(d) Agent shall have received a fully executed copy of the AuraGen Acquisition Agreement and all other material agreements, documents or instruments pursuant to which the AuraGen Acquistion is to be consummated (including, without limitation, the Exclusive Patent License, as defined in the AuraGen Acquisition Agreement), any schedules to such agreements, documents or instruemtns and all other material ancillary agreements, instruments and documents to be executed in connection therewith;
(e) all representations and warranties of Borrowers contained herein shall be true and correct in all material respects (without duplication of any materiality qualifier in the text of such representation or warranty) as of the date hereof except to the extent that any such representation or warranty relates to a specific date in which case such representation or warranty shall be true and correct as of such earlier date (and such parties’ delivery of their respective signatures hereto shall be deemed to be its certification thereof); and
(f) prior to and after giving effect to the agreements set forth herein, no Default or Event of Default shall exist under any of the Financing Documents.
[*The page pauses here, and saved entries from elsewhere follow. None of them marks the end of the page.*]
lemma ex1_bnd_interval:
  assumes "p < n"
  shows "\<exists>!k. 1 \<le> k \<and> k \<le> d + 1 \<and> bnd ns d n (k - 1) \<le> p \<and> p < bnd ns d n k"
proof
  define k where "k = (LEAST k. p < bnd ns d n k)"
  have ex: "p < bnd ns d n (d + 1)"
    using assms by (simp add: bnd_def)
  then have "p < bnd ns d n k" "k \<le> d + 1"
    unfolding k_def by (auto intro: LeastI Least_le)
  moreover have "k \<noteq> 0"
    using \<open>p < bnd ns d n k\<close> by (auto simp: bnd_def split: if_splits)
  moreover have "\<not> p < bnd ns d n (k - 1)"
    unfolding k_def by (rule not_less_Least) (use \<open>k \<noteq> 0\<close> in \<open>simp add: k_def\<close>)
  ultimately show "1 \<le> k \<and> k \<le> d + 1 \<and> bnd ns d n (k - 1) \<le> p \<and> p < bnd ns d n k"
    by simp
  fix k'
  assume k': "1 \<le> k' \<and> k' \<le> d + 1 \<and> bnd ns d n (k' - 1) \<le> p \<and> p < bnd ns d n k'"
  show "k' = k"
  proof (rule ccontr)
    assume "k' \<noteq> k"
    then consider "k' < k" | "k < k'"
      by linarith
    then show False
    proof cases
      case 1
      then have "bnd ns d n k' \<le> bnd ns d n (k - 1)"
        using \<open>k \<le> d + 1\<close> by (intro bnd_mono) auto
      then show False
        using k' \<open>\<not> p < bnd ns d n (k - 1)\<close> by linarith
    next
      case 2
      then have "bnd ns d n k \<le> bnd ns d n (k' - 1)"
        using k' by (intro bnd_mono) auto
      then show False
        using k' \<open>p < bnd ns d n k\<close> by linarith
    qed
  qed
qed

end

definition block_of :: "(nat \<Rightarrow> nat) \<Rightarrow> nat \<Rightarrow> 'n::finite \<Rightarrow> 'k::finite" where
  "block_of ns d i = (THE \<kappa>. inblk ns d (enum_pos \<kappa> + 1) i)"

lemma inblk_iff_block_of:
  assumes "CARD('k::finite) = d + 1"
    and "0 < ns 1" "\<forall>k. 1 \<le> k \<and> k < d \<longrightarrow> ns k < ns (Suc k)" "ns d < CARD('n::finite)"
  shows "inblk ns d (enum_pos \<kappa> + 1) (i :: 'n) \<longleftrightarrow> block_of ns d i = (\<kappa> :: 'k)"
proof -
  obtain k where k: "1 \<le> k \<and> k \<le> d + 1 \<and> bnd ns d CARD('n) (k - 1) \<le> enum_pos i \<and>
        enum_pos i < bnd ns d CARD('n) k"
      and k_unique: "\<And>k'. 1 \<le> k' \<and> k' \<le> d + 1 \<and> bnd ns d CARD('n) (k' - 1) \<le> enum_pos i \<and>
        enum_pos i < bnd ns d CARD('n) k' \<Longrightarrow> k' = k"
    using ex1_bnd_interval[OF assms(2-4) enum_pos_less[of i]] by blast
  have inblk_iff: "inblk ns d (enum_pos \<mu> + 1) i \<longleftrightarrow> enum_pos \<mu> + 1 = k" for \<mu> :: 'k
    using k k_unique[of "enum_pos \<mu> + 1"] enum_pos_less[of \<mu>] assms(1)
    by (auto simp: inblk_def)
  have "k - 1 < CARD('k)"
    using k assms(1) by linarith
  then obtain \<mu> :: 'k where \<mu>: "enum_pos \<mu> = k - 1"
    using enum_pos_surj by blast
  have ex1: "\<exists>!\<mu> :: 'k. inblk ns d (enum_pos \<mu> + 1) i"
  proof (rule ex1I[of _ \<mu>])
    show "inblk ns d (enum_pos \<mu> + 1) i"
      unfolding inblk_iff using \<mu> k by simp
    show "\<mu>' = \<mu>" if "inblk ns d (enum_pos \<mu>' + 1) i" for \<mu>' :: 'k
    proof -
      have "enum_pos \<mu>' = enum_pos \<mu>"
        using that \<mu> k unfolding inblk_iff by simp
      then show ?thesis
        by (simp add: enum_pos_inject)
    qed
  qed
  have "inblk ns d (enum_pos (block_of ns d i :: 'k) + 1) i"
    unfolding block_of_def by (rule theI'[OF ex1])
  with ex1 show ?thesis
    by blast
qed

definition block_sign :: "('n \<Rightarrow> 'k) \<Rightarrow> 'k \<Rightarrow> 'n \<Rightarrow> real" where
  "block_sign b \<kappa> i = (if b i = \<kappa> then 1 else -1)"

definition blockJ :: "('n::finite \<Rightarrow> 'k::finite) \<Rightarrow> (real^'n^'n)^'k" where
  "blockJ b = (\<chi> \<kappa> i j. if i = j then block_sign b \<kappa> i else 0)"

definition block_offdiag :: "('n \<Rightarrow> 'k) \<Rightarrow> real^'n^'n \<Rightarrow> bool" where
  "block_offdiag b L \<longleftrightarrow> (\<forall>i j. b i = b j \<longrightarrow> L $ i $ j = 0)"

lemma matrix_mult_blockJ: "(A ** blockJ b $ \<kappa>) $ i $ j = A $ i $ j * block_sign b \<kappa> j"
  by (simp add: matrix_matrix_mult_def blockJ_def if_distrib if_distribR sum.delta' cong: if_cong)

lemma blockJ_matrix_mult: "(blockJ b $ \<kappa> ** A) $ i $ j = block_sign b \<kappa> i * A $ i $ j"
  by (simp add: matrix_matrix_mult_def blockJ_def if_distrib if_distribR sum.delta cong: if_cong)

lemma blockJ_mult_self: "blockJ b $ \<kappa> ** blockJ b $ \<kappa> = mat 1"
  by (simp add: vec_eq_iff matrix_mult_blockJ) (simp add: blockJ_def mat_def block_sign_def)

lemma blockJ_mult_distinct:
  "\<kappa> \<noteq> \<mu> \<Longrightarrow> blockJ b $ \<kappa> ** blockJ b $ \<mu> = - mat 1 - blockJ b $ \<kappa> - blockJ b $ \<mu>"
  by (simp add: vec_eq_iff matrix_mult_blockJ) (auto simp: blockJ_def mat_def block_sign_def)

lemma Jm_eq_blockJ:
  assumes "CARD('k::finite) = d + 1"
    and "0 < ns 1" "\<forall>k. 1 \<le> k \<and> k < d \<longrightarrow> ns k < ns (Suc k)" "ns d < CARD('n::finite)"
  shows "(Jm ns \<kappa> :: real^'n^'n) = blockJ (block_of ns d) $ (\<kappa> :: 'k)"
proof -
  have card: "CARD('k) - 1 = d"
    using assms(1) by simp
  show ?thesis
    unfolding Jm_def blockJ_def block_sign_def card inblk_iff_block_of[OF assms] by simp
qed

lemma block_offdiag_block_of:
  assumes "CARD('k::finite) = d + 1"
    and "0 < ns 1" "\<forall>k. 1 \<le> k \<and> k < d \<longrightarrow> ns k < ns (Suc k)" "ns d < CARD('n::finite)"
    and "\<forall>k i j. inblk ns d k i \<and> inblk ns d k j \<longrightarrow> L $ i $ j = 0"
  shows "block_offdiag (block_of ns d :: 'n \<Rightarrow> 'k) L"
  unfolding block_offdiag_def using assms(5) inblk_iff_block_of[OF assms(1-4)] by blast

section \<open>Conjugation and commutators of tuples of matrices\<close>

definition conj_tuple :: "real^'n::finite^'n \<Rightarrow> (real^'n^'n)^'k::finite \<Rightarrow> (real^'n^'n)^'k" where
  "conj_tuple W x = (\<chi> \<kappa>. W ** x $ \<kappa> ** transpose W)"

definition ad :: "real^'n::finite^'n \<Rightarrow> (real^'n^'n)^'k::finite \<Rightarrow> (real^'n^'n)^'k" where
  "ad Y x = (\<chi> \<kappa>. Y ** x $ \<kappa> - x $ \<kappa> ** Y)"

lemma conj_tuple_conj_tuple: "conj_tuple A (conj_tuple B x) = conj_tuple (A ** B) x"
  by (simp add: conj_tuple_def matrix_transpose_mul matrix_mul_assoc)

lemma conj_tuple_transpose_cancel:
  "orthogonal_matrix W \<Longrightarrow> conj_tuple (transpose W) (conj_tuple W x) = x"
  by (simp add: conj_tuple_conj_tuple orthogonal_matrix_def) (simp add: conj_tuple_def)

lemma bounded_linear_conj_tuple: "bounded_linear (conj_tuple W)"
  unfolding linear_conv_bounded_linear[symmetric]
  by (intro linearI) (simp_all add: conj_tuple_def vec_eq_iff matrix_add_ldistrib
      matrix_add_rdistrib matrix_scalar_ac scalar_matrix_assoc)

lemma conj_tuple_add: "conj_tuple W (x + y) = conj_tuple W x + conj_tuple W y"
  by (rule linear_add[OF bounded_linear.linear[OF bounded_linear_conj_tuple]])

lemma conj_tuple_zero [simp]: "conj_tuple W 0 = 0"
  by (rule linear_0[OF bounded_linear.linear[OF bounded_linear_conj_tuple]])

lemma inner_conj_matrix:
  "inner (W ** A ** transpose W) B = inner A (transpose W ** B ** (W :: real^'n::finite^'n))"
proof -
  have "inner (W ** A ** transpose W) B = inner (W ** A) (B ** W)"
    using inner_matrix_mult_right[of "W ** A" "transpose W" B] by simp
  also have "\<dots> = inner A (transpose W ** B ** W)"
    by (simp add: inner_matrix_mult_left matrix_mul_assoc)
  finally show ?thesis .
qed

lemma inner_conj_tuple: "inner (conj_tuple W x) y = inner x (conj_tuple (transpose W) y)"
proof -
  have "inner (conj_tuple W x) y = (\<Sum>\<kappa>\<in>UNIV. inner (W ** x $ \<kappa> ** transpose W) (y $ \<kappa>))"
    unfolding inner_vec_def[of "conj_tuple W x"] by (simp add: conj_tuple_def)
  also have "\<dots> = inner x (conj_tuple (transpose W) y)"
    unfolding inner_vec_def[of x] by (simp add: conj_tuple_def inner_conj_matrix)
  finally show ?thesis .
qed

lemma bounded_linear_ad: "bounded_linear (\<lambda>Y. ad Y x)"
  unfolding linear_conv_bounded_linear[symmetric]
  by (intro linearI) (simp_all add: ad_def vec_eq_iff matrix_add_rdistrib matrix_add_ldistrib
      matrix_scalar_ac scalar_matrix_assoc[symmetric] algebra_simps)

lemma ad_zero [simp]: "ad 0 x = 0"
  by (simp add: ad_def vec_eq_iff)

lemma has_vector_derivative_conj_tuple:
  assumes "(A has_vector_derivative A') (at t)" "(x has_vector_derivative x') (at t)"
  shows "((\<lambda>s. conj_tuple (A s) (x s)) has_vector_derivative (\<chi> \<kappa>.
      A t ** x t $ \<kappa> ** transpose A' + (A t ** x' $ \<kappa> + A' ** x t $ \<kappa>) ** transpose (A t))) (at t)"
  unfolding conj_tuple_def
  by (intro has_vector_derivative_vec_lambda has_vector_derivative_matrix_mult
      has_vector_derivative_transpose has_vector_derivative_vec_nth assms)

lemma has_vector_derivative_conj_tuple_skew:
  assumes "(A has_vector_derivative A t ** Y) (at t)" "transpose Y = - Y"
    and "(x has_vector_derivative x') (at t)"
  shows "((\<lambda>s. conj_tuple (A s) (x s)) has_vector_derivative
      conj_tuple (A t) (ad Y (x t) + x')) (at t)"
proof -
  have "A t ** X ** transpose (A t ** Y) + (A t ** X' + A t ** Y ** X) ** transpose (A t) =
      A t ** (Y ** X - X ** Y + X') ** transpose (A t)" for X X'
    by (simp add: matrix_transpose_mul assms(2) matrix_add_ldistrib matrix_add_rdistrib
        matrix_mult_diff_left matrix_mult_diff_right matrix_mult_minus_left matrix_mult_minus_right
        matrix_mul_assoc)
  then show ?thesis
    using has_vector_derivative_conj_tuple[OF assms(1,3)] by (simp add: conj_tuple_def ad_def)
qed

lemma ad_blockJ_nth:
  "ad Y (blockJ b) $ \<kappa> $ i $ j = Y $ i $ j * (block_sign b \<kappa> j - block_sign b \<kappa> i)"
  by (simp add: ad_def matrix_mult_blockJ blockJ_matrix_mult algebra_simps)

lemma ad_ad_blockJ_nth:
  "ad X (ad X (blockJ b)) $ \<kappa> $ i $ j =
    (\<Sum>l\<in>UNIV. X $ i $ l * X $ l $ j * (block_sign b \<kappa> j - 2 * block_sign b \<kappa> l + block_sign b \<kappa> i))"
  by (simp add: ad_def[of X "ad X (blockJ b)"] matrix_matrix_mult_def ad_blockJ_nth
      sum_subtractf[symmetric] algebra_simps)

section \<open>The flag manifold of a block decomposition\<close>

definition flag_of :: "('n::finite \<Rightarrow> 'k::finite) \<Rightarrow> ((real^'n^'n)^'k) set" where
  "flag_of b = {conj_tuple V (blockJ b) | V. orthogonal_matrix V}"

lemma conj_tuple_mem_flag_of:
  assumes "orthogonal_matrix W" "x \<in> flag_of b"
  shows "conj_tuple W x \<in> flag_of b"
proof -
  obtain V where "orthogonal_matrix V" "x = conj_tuple V (blockJ b)"
    using assms(2) unfolding flag_of_def by blast
  then have "orthogonal_matrix (W ** V)" "conj_tuple W x = conj_tuple (W ** V) (blockJ b)"
    using assms(1) by (simp_all add: orthogonal_matrix_mul conj_tuple_conj_tuple)
  then show ?thesis
    unfolding flag_of_def by blast
qed

lemma flag_of_relations:
  assumes "x \<in> flag_of b"
  shows "x $ \<kappa> ** x $ \<kappa> = mat 1"
    and "\<kappa> \<noteq> \<mu> \<Longrightarrow> x $ \<kappa> ** x $ \<mu> = - mat 1 - x $ \<kappa> - x $ \<mu>"
proof -
  obtain V where V: "orthogonal_matrix V" "x = conj_tuple V (blockJ b)"
    using assms unfolding flag_of_def by blast
  have mult: "(V ** A ** transpose V) ** (V ** B ** transpose V) = V ** (A ** B) ** transpose V" for A B
    using V(1) by (simp add: matrix_mul_assoc orthogonal_matrix_def)
       (simp add: matrix_mul_assoc[symmetric])
  show "x $ \<kappa> ** x $ \<kappa> = mat 1"
    using V by (simp add: conj_tuple_def mult blockJ_mult_self orthogonal_matrix_def)
  show "x $ \<kappa> ** x $ \<mu> = - mat 1 - x $ \<kappa> - x $ \<mu>" if "\<kappa> \<noteq> \<mu>"
    using V that
    by (simp add: conj_tuple_def mult blockJ_mult_distinct orthogonal_matrix_def
        matrix_mult_diff_left matrix_mult_diff_right matrix_mult_minus_left matrix_mult_minus_right)
qed
theorem corollary6p7:
  fixes sc :: "'k::field \<Rightarrow> 'a::ab_group_add \<Rightarrow> 'a"
    and br :: "'a \<Rightarrow> 'a \<Rightarrow> 'a"
    and L I :: "'a set"
  assumes "symmetric_leibniz sc br"
    and "subalg sc br L"
    and "dense_in sc br L"
    and "mult_semiprime sc br"
    and "algebra_of_quotients sc br L"
    and "essential_ideal sc br L I"
  shows "lan (AQ sc br UNIV) (tilde_ideal sc br L I) = {\<lambda>_. 0}"
proof -
  interpret symmetric_leibniz_algebra sc br by (rule symmetric_leibniz_algebra.intro) fact
  define \<Lambda> where "\<Lambda> = lan (MQ sc br) (tilde_ideal sc br L I)"
  define W where "W = product_kernel br \<Lambda>"
  have "\<Lambda> \<subseteq> MQ sc br" unfolding \<Lambda>_def lan_def by blast
  then have W_ideal: "ideal_of sc br UNIV W"
    unfolding W_def \<Lambda>_def using lan_tilde_ideal_comp assms(3) by (rule ideal_product_kernel)
  moreover have "I \<subseteq> W"
    unfolding W_def \<Lambda>_def by (rule subset_product_kernel_lan_tilde_ideal)
  ultimately have "annihilator br W = {0}"
    using assms(2-6) annihilator_eq_zero unfolding mult_semiprime_def by blast
  have "m = (\<lambda>_. 0)" if "m \<in> \<Lambda>" for m
  proof -
    have "\<forall>w\<in>W. kills_products br m w"
      using that unfolding W_def product_kernel_def by blast
    then have "m q \<in> annihilator br W" for q
      using assms(4) W_ideal \<open>\<Lambda> \<subseteq> MQ sc br\<close> that unfolding mult_semiprime_def
      by (blast intro: kills_products_range_annihilator)
    then show ?thesis
      using \<open>annihilator br W = {0}\<close> by blast
  qed
  moreover have "lan (AQ sc br UNIV) (tilde_ideal sc br L I) \<subseteq> \<Lambda>"
    unfolding \<Lambda>_def lan_def using AQ_subset_MQ by blast
  moreover have "(\<lambda>_. 0) \<in> lan (AQ sc br UNIV) (tilde_ideal sc br L I)"
    unfolding lan_def AQ_def by (auto intro: gen_alg.zero)
  ultimately show ?thesis by blast
qed

end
7. Post-Closing Obligations.
(a) Borrowers shall, by the date that is thirty (30) days after the date hereof (or such later date as Agent may agree, in its sole discretion) deliver to Agent duly executed intellectual property security agreement supplements in accordance with Section 4.16 of the Credit Agreement to perfect and maintain a first priority perfection security interest in favor of Agent, for the ratable benefit of Lenders, in the Intellectual Property obtained by Borrowers in connection with the AuraGen Acquisition.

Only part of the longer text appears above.